The findings of this study demonstrate the successful observation and theoretical modeling of the transition from RSA to SA in the X-ray regime. This is a significant advance towards the goal of controlled X-ray pulse shaping, with applications in numerous areas. The combination of experimental measurements and theoretical modeling provides a robust approach to investigate the complex dynamics of electronic structure and atomic-scale changes in WDM under intense X-ray irradiation. The agreement between experimental and theoretical results, though not perfect, supports the validity of the model used and provides benchmarks for further refinement. The observed discrepancies, especially concerning the intensity of the RSA-to-SA transition and the magnitude of the redshift at lower intensities, highlight the challenges in modeling non-equilibrium electron dynamics in WDM. Future work could focus on improving the accuracy of the theoretical models, perhaps by incorporating more sophisticated treatments of electron-electron interactions and non-equilibrium electron distributions. The disappearance of the van Hove peak at high intensities indicates the potential of this technique to monitor structural transformations in WDM. The study provides a powerful tool for investigating matter under extreme conditions.

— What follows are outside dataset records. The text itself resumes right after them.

section \<open>Deterministic weights\<close>

lemma weighted_sum_gt_cases:
  fixes a c0 K s y m m2 :: real
  assumes "0 < a" "a \<le> c0" "0 \<le> K" "0 < s" "c0 * y < c0 * m + K * max m2 0"
  shows "y < m + s \<or> (a * s / (K + 1) < m2 \<and> y < m + K / a * m2)"
proof (cases "m2 \<le> a * s / (K + 1)")
  case True
  have "K * max m2 0 \<le> K * (a * s / (K + 1))"
    using True assms by (intro mult_left_mono) auto
  also have "\<dots> = (K / (K + 1)) * (a * s)" by simp
  also have "\<dots> \<le> a * s" using assms by (intro mult_left_le_one_le) auto
  also have "\<dots> \<le> c0 * s" using assms by (intro mult_right_mono) auto
  finally have "c0 * y < c0 * (m + s)" using assms(5) by (simp add: algebra_simps)
  then show ?thesis using assms by auto
next
  case False
  moreover have "0 \<le> a * s / (K + 1)" using assms by simp
  ultimately have m2: "0 < m2" by linarith
  then have "c0 * y < c0 * (m + K / c0 * m2)" using assms by (simp add: algebra_simps)
  then have "y < m + K / c0 * m2" using assms by simp
  also have "K / c0 * m2 \<le> K / a * m2"
    using assms m2 by (intro mult_right_mono divide_left_mono) auto
  finally show ?thesis using False by auto
qed

text \<open>What the argument uses from each of the hypotheses (A), (B), (C); only the
  last assumption depends on \<open>(**)\<close> or on dominated variation.\<close>
locale regular_max_tail = order_stat_model +
  fixes a b d :: real and h :: "real \<Rightarrow> real"
  assumes ab: "0 < a" "a \<le> b" and d: "0 \<le> d"
    and tail_pos: "eventually (\<lambda>y. 0 < tail M (ord_stat X n n) y) at_top"
    and h_pos: "eventually (\<lambda>y. 0 < h y) at_top"
    and h_less: "eventually (\<lambda>y. h y < y) at_top"
    and shift_stable: "shift_stable (tail M (ord_stat X n n)) h"
    and pair_negligible: "\<And>i j t. i \<in> {1..n} \<Longrightarrow> j \<in> {1..n} \<Longrightarrow> i \<noteq> j \<Longrightarrow> 0 < t \<Longrightarrow>
         ((\<lambda>x. prob {w \<in> space M. \<bar>X i w\<bar> > t * h x \<and> X j w > x} / tail M (ord_stat X n n) x)
           \<longlongrightarrow> 0) at_top"
    and second_negligible: "\<And>K \<delta>. 0 \<le> K \<Longrightarrow> 0 < \<delta> \<Longrightarrow> ((\<lambda>y. prob {w \<in> space M.
         \<delta> * h y < ord_stat X n (n-1) w \<and> y < ord_stat X n n w + K * ord_stat X n (n-1) w}
         / tail M (ord_stat X n n) y) \<longlongrightarrow> 0) at_top"
begin

text \<open>The weights \<open>c\<close> range over the values of \<open>(C\<^sub>0, \<dots>, C\<^sub>n\<^sub>-\<^sub>1)\<close> allowed by the
  hypotheses; the alternative of nonnegative observations is encoded almost surely.\<close>
definition admissible :: "(nat \<Rightarrow> real) \<Rightarrow> bool" where
  "admissible c \<longleftrightarrow> a \<le> c 0 \<and> c 0 \<le> b \<and> (\<forall>i\<in>{1..n-1}. \<bar>c i\<bar> \<le> d) \<and>
     ((\<forall>i\<in>{1..n-1}. 0 \<le> c i) \<or> (AE w in M. \<forall>i\<in>{1..n}. 0 \<le> X i w))"

lemma prob_scaled_max_gt:
  assumes "0 < c0"
  shows "prob {w \<in> space M. x < c0 * ord_stat X n n w} = tail_max (x / c0)"
  unfolding tail_def using assms
  by (intro arg_cong[where f=prob] Collect_cong conj_cong refl) (simp add: pos_divide_less_eq mult.commute)

lemma weighted_sum_measurable:
  "(\<lambda>w. \<Sum>i=0..n-1. c i * ord_stat X n (n-i) w) \<in> borel_measurable M"
proof (rule borel_measurable_sum)
  fix i assume "i \<in> {0..n-1}"
  then have "ord_stat X n (n-i) \<in> borel_measurable M" using n2 by (intro ord_stat_borel_measurable) auto
  then show "(\<lambda>w. c i * ord_stat X n (n-i) w) \<in> borel_measurable M" by measurable
qed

This research successfully demonstrated the transition from reverse saturable absorption (RSA) to saturable absorption (SA) in warm dense copper using an X-ray free-electron laser. Spectrally resolved X-ray absorption near-edge structure (XANES) spectroscopy, combined with a theoretical model using kinetic Boltzmann equations and finite-temperature density functional theory, provided a comprehensive understanding of the underlying physical processes. The findings have implications for X-ray pulse shaping and offer a valuable benchmark for non-equilibrium models of warm dense matter. Future studies could explore time-resolved XANES measurements to provide more detailed insight into the dynamics of warm dense matter formation and evolution. Further improvements in theoretical models and experimental techniques are also anticipated to lead to an even deeper understanding of WDM and its properties under extreme conditions.

The accuracy of the beam intensity characterization is estimated to be around 25%, which might affect the precise determination of the transition intensity from RSA to SA. The theoretical model, while successful in reproducing some aspects of the experimental data, does not perfectly match the observed transition intensity and the magnitude of the redshift at lower intensities. This indicates that further refinement of the theoretical models is needed to accurately capture all aspects of the non-equilibrium dynamics in WDM. Finally, the current study is focused on copper; extending the work to other materials would further broaden the understanding of WDM properties.